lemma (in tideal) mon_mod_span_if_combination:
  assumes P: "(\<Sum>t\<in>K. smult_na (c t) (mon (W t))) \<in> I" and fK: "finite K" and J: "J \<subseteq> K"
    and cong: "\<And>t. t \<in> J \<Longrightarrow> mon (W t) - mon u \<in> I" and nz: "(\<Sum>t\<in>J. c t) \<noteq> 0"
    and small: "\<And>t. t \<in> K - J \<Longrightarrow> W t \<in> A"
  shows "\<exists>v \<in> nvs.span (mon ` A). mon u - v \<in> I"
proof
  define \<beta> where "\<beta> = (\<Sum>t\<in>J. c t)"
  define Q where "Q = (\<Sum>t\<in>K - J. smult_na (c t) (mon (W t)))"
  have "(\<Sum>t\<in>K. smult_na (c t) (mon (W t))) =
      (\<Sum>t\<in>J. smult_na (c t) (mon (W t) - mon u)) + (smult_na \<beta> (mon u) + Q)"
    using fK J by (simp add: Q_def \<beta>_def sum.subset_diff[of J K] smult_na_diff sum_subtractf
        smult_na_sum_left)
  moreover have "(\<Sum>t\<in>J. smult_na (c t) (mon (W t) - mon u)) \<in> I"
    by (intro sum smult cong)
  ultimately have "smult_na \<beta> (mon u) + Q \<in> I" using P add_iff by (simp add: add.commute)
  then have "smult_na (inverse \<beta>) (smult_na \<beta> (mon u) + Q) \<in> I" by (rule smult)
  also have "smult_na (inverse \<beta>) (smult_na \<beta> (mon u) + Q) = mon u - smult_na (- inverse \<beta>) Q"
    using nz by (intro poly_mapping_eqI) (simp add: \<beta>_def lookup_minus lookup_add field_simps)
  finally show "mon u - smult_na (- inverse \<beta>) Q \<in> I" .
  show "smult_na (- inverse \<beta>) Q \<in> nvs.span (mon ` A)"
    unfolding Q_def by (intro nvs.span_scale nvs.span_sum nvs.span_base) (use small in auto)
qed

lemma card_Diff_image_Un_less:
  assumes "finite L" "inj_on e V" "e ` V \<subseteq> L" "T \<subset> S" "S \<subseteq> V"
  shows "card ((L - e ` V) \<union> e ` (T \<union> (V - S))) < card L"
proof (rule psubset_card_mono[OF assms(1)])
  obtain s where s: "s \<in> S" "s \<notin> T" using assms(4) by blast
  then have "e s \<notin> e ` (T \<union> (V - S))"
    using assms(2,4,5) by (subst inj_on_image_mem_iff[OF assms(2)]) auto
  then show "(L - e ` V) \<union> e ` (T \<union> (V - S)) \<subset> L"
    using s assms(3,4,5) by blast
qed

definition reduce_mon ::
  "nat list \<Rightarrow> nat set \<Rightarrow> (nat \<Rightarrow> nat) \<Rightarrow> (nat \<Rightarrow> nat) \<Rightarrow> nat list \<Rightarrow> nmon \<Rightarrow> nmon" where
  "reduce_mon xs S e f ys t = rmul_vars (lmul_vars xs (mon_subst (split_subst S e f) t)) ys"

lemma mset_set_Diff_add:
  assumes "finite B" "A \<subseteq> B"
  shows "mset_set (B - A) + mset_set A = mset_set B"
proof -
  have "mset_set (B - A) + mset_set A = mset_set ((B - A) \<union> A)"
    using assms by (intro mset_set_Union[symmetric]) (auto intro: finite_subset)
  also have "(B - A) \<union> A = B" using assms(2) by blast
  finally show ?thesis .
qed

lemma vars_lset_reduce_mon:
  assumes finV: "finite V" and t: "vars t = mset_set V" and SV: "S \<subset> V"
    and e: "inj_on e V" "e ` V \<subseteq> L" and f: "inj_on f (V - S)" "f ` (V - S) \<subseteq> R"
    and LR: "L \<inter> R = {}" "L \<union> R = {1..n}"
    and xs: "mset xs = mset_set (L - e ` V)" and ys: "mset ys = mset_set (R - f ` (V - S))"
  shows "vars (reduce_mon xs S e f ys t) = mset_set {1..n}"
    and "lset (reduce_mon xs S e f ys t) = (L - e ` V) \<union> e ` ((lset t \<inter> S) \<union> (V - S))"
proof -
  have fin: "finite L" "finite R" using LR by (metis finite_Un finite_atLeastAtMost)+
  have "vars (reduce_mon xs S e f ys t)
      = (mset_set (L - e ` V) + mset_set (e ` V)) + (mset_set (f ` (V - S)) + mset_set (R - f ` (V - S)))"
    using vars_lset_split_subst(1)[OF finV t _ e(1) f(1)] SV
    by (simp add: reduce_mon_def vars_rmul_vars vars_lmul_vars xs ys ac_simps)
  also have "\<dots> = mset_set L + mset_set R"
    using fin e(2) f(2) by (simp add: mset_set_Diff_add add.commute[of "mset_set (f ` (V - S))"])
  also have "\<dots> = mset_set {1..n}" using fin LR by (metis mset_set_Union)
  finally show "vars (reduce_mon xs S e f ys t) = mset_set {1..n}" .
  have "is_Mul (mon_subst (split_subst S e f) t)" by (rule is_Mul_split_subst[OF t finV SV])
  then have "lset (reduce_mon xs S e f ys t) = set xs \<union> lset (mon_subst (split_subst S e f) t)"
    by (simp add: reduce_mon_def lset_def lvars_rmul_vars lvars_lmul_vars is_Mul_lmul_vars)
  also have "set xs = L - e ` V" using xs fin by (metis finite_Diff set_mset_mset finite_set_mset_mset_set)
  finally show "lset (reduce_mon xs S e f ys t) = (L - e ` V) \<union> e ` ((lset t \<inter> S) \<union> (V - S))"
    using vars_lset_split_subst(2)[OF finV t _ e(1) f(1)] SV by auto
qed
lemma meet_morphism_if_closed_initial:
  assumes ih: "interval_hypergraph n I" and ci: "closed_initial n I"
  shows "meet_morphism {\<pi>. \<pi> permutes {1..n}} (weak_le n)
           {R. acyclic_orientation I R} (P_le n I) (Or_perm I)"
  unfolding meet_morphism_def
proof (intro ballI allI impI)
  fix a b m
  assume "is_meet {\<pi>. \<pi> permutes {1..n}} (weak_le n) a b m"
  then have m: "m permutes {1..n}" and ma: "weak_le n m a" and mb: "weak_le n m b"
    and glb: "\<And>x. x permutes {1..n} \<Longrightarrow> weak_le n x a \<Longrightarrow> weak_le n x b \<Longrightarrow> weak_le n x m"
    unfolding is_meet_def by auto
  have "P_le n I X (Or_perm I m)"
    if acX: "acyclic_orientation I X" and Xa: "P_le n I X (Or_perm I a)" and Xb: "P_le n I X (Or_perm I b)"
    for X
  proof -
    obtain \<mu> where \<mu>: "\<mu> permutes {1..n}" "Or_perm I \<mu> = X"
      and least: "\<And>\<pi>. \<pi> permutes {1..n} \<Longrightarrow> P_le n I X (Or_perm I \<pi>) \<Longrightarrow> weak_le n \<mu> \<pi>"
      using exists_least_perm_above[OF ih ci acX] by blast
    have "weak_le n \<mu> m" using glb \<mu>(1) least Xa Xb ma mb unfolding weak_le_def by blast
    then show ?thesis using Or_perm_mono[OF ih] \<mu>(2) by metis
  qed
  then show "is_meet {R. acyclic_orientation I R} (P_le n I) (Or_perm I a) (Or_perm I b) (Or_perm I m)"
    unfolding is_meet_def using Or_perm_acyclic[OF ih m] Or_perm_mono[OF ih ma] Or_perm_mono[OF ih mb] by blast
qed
··········
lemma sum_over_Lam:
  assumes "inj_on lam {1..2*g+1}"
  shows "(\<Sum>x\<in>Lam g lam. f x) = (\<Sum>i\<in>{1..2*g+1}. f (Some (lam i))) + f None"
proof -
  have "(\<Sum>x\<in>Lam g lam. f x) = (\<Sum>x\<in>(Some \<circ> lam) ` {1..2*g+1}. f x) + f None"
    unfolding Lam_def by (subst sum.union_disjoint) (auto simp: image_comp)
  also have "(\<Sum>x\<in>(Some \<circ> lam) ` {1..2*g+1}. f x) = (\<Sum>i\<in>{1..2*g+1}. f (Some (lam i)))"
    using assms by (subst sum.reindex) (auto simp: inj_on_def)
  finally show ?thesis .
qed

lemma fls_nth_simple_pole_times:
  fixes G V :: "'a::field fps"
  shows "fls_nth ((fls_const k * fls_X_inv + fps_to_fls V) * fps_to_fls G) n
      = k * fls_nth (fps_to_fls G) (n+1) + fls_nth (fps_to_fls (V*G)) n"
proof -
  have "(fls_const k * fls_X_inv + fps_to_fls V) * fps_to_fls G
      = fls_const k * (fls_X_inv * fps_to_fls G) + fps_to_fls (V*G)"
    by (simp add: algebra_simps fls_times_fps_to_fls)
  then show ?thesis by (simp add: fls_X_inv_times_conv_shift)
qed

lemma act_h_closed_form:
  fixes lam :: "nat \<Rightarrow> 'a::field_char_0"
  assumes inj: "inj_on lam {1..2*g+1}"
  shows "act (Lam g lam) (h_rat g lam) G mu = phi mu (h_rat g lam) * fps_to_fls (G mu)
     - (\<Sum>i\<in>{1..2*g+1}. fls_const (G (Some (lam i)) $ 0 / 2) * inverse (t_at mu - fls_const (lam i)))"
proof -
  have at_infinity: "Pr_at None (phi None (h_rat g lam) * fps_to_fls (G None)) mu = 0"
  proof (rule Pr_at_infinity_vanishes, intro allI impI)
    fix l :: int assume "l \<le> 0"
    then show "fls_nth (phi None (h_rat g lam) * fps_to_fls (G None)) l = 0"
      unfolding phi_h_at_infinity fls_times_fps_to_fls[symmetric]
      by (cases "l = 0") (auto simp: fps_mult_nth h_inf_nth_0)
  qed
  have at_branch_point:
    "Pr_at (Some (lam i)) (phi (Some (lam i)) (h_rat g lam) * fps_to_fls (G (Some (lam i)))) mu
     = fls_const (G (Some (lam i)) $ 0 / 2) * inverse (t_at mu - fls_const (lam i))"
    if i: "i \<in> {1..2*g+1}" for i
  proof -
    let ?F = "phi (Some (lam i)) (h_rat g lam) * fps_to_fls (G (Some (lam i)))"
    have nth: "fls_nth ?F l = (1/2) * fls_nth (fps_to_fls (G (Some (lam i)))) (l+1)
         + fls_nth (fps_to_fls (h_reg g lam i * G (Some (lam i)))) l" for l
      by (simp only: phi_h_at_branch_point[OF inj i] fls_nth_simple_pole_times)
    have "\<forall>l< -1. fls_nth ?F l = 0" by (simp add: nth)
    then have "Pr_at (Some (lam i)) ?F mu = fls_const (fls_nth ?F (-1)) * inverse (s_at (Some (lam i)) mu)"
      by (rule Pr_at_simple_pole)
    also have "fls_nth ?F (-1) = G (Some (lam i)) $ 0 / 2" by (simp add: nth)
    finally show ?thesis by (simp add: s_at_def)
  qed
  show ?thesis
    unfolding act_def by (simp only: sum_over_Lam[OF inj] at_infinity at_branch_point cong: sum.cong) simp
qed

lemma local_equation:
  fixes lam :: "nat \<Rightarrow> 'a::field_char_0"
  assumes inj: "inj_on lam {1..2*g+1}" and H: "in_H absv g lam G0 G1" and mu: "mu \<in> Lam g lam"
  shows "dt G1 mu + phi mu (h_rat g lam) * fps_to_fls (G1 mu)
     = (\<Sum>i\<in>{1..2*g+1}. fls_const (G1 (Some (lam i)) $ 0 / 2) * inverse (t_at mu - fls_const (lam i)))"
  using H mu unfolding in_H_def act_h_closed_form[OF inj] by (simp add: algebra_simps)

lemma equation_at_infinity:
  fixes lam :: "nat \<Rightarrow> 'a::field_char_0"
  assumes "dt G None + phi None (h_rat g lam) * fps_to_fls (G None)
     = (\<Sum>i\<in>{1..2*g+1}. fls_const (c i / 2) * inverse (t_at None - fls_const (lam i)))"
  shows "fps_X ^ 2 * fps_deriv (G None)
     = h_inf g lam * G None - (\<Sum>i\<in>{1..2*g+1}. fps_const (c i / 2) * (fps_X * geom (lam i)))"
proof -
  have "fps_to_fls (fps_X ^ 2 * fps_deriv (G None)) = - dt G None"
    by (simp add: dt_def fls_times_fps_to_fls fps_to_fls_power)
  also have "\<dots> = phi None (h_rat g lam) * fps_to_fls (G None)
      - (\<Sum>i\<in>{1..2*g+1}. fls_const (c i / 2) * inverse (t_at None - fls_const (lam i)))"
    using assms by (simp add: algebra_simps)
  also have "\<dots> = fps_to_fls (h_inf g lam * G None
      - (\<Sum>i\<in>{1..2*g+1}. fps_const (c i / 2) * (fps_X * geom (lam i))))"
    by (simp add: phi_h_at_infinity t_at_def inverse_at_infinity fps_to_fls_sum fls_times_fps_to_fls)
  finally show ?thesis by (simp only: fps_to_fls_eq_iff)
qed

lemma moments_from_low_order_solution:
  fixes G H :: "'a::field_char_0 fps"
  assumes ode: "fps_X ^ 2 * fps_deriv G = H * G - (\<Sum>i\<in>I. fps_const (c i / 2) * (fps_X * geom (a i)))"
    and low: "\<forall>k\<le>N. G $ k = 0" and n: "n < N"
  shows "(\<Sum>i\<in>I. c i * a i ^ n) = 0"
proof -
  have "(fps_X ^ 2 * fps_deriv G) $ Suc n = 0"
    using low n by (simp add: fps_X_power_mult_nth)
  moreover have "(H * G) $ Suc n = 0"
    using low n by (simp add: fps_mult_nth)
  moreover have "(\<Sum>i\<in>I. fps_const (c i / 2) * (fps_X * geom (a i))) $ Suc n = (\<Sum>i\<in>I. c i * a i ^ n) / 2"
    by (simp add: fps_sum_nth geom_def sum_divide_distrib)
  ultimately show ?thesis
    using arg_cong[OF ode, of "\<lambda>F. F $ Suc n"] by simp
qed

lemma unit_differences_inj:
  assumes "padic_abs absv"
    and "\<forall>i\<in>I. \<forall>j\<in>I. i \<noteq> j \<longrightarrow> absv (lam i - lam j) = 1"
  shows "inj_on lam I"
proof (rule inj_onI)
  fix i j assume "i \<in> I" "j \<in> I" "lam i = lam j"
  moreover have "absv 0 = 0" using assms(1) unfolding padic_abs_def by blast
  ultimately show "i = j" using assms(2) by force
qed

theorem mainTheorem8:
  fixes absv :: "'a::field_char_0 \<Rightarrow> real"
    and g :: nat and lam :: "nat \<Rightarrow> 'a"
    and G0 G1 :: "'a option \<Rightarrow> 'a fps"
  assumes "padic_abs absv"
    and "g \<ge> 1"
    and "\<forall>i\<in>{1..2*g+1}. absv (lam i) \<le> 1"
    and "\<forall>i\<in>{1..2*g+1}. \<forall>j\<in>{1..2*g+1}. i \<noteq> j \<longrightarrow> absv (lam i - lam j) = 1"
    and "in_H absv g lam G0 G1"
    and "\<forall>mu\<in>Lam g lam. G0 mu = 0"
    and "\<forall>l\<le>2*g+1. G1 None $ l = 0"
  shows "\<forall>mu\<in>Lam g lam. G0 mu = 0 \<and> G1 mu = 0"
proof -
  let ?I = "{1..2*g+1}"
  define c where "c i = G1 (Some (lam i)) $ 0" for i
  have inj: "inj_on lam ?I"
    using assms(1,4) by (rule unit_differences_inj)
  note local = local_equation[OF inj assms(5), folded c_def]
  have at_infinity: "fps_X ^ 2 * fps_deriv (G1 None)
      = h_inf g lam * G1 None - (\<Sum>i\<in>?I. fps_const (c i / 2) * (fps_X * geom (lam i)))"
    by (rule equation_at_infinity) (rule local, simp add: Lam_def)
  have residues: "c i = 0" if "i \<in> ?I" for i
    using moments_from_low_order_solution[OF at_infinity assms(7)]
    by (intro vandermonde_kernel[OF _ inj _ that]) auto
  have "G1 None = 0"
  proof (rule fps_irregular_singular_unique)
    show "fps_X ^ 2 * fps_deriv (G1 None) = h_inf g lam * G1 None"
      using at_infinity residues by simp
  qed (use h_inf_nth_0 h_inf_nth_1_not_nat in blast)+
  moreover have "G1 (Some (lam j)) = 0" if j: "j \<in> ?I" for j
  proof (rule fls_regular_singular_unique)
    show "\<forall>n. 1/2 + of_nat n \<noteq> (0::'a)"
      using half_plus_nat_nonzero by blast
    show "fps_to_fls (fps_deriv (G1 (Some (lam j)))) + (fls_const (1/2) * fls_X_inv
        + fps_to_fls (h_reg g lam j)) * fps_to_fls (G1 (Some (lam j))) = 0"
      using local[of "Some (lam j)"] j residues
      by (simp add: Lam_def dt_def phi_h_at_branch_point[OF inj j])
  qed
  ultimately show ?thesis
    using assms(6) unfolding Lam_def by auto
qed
··········
## Required action
Please reproduce exactly the lines in the listing above from the one containing "fps_to_fls G) n" through the one containing "(lam i)) ?F", both included, and nothing more.

## Output
  shows "fls_nth ((fls_const k * fls_X_inv + fps_to_fls V) * fps_to_fls G) n
      = k * fls_nth (fps_to_fls G) (n+1) + fls_nth (fps_to_fls (V*G)) n"
proof -
  have "(fls_const k * fls_X_inv + fps_to_fls V) * fps_to_fls G
      = fls_const k * (fls_X_inv * fps_to_fls G) + fps_to_fls (V*G)"
    by (simp add: algebra_simps fls_times_fps_to_fls)
  then show ?thesis by (simp add: fls_X_inv_times_conv_shift)
qed

lemma act_h_closed_form:
  fixes lam :: "nat \<Rightarrow> 'a::field_char_0"
  assumes inj: "inj_on lam {1..2*g+1}"
  shows "act (Lam g lam) (h_rat g lam) G mu = phi mu (h_rat g lam) * fps_to_fls (G mu)
     - (\<Sum>i\<in>{1..2*g+1}. fls_const (G (Some (lam i)) $ 0 / 2) * inverse (t_at mu - fls_const (lam i)))"
proof -
  have at_infinity: "Pr_at None (phi None (h_rat g lam) * fps_to_fls (G None)) mu = 0"
  proof (rule Pr_at_infinity_vanishes, intro allI impI)
    fix l :: int assume "l \<le> 0"
    then show "fls_nth (phi None (h_rat g lam) * fps_to_fls (G None)) l = 0"
      unfolding phi_h_at_infinity fls_times_fps_to_fls[symmetric]
      by (cases "l = 0") (auto simp: fps_mult_nth h_inf_nth_0)
  qed
  have at_branch_point:
    "Pr_at (Some (lam i)) (phi (Some (lam i)) (h_rat g lam) * fps_to_fls (G (Some (lam i)))) mu
     = fls_const (G (Some (lam i)) $ 0 / 2) * inverse (t_at mu - fls_const (lam i))"
    if i: "i \<in> {1..2*g+1}" for i
  proof -
    let ?F = "phi (Some (lam i)) (h_rat g lam) * fps_to_fls (G (Some (lam i)))"
    have nth: "fls_nth ?F l = (1/2) * fls_nth (fps_to_fls (G (Some (lam i)))) (l+1)
         + fls_nth (fps_to_fls (h_reg g lam i * G (Some (lam i)))) l" for l
      by (simp only: phi_h_at_branch_point[OF inj i] fls_nth_simple_pole_times)
    have "\<forall>l< -1. fls_nth ?F l = 0" by (simp add: nth)
    then have "Pr_at (Some (lam i)) ?F mu = fls_const (fls_nth ?F (-1)) * inverse (s_at (Some (lam i)) mu)"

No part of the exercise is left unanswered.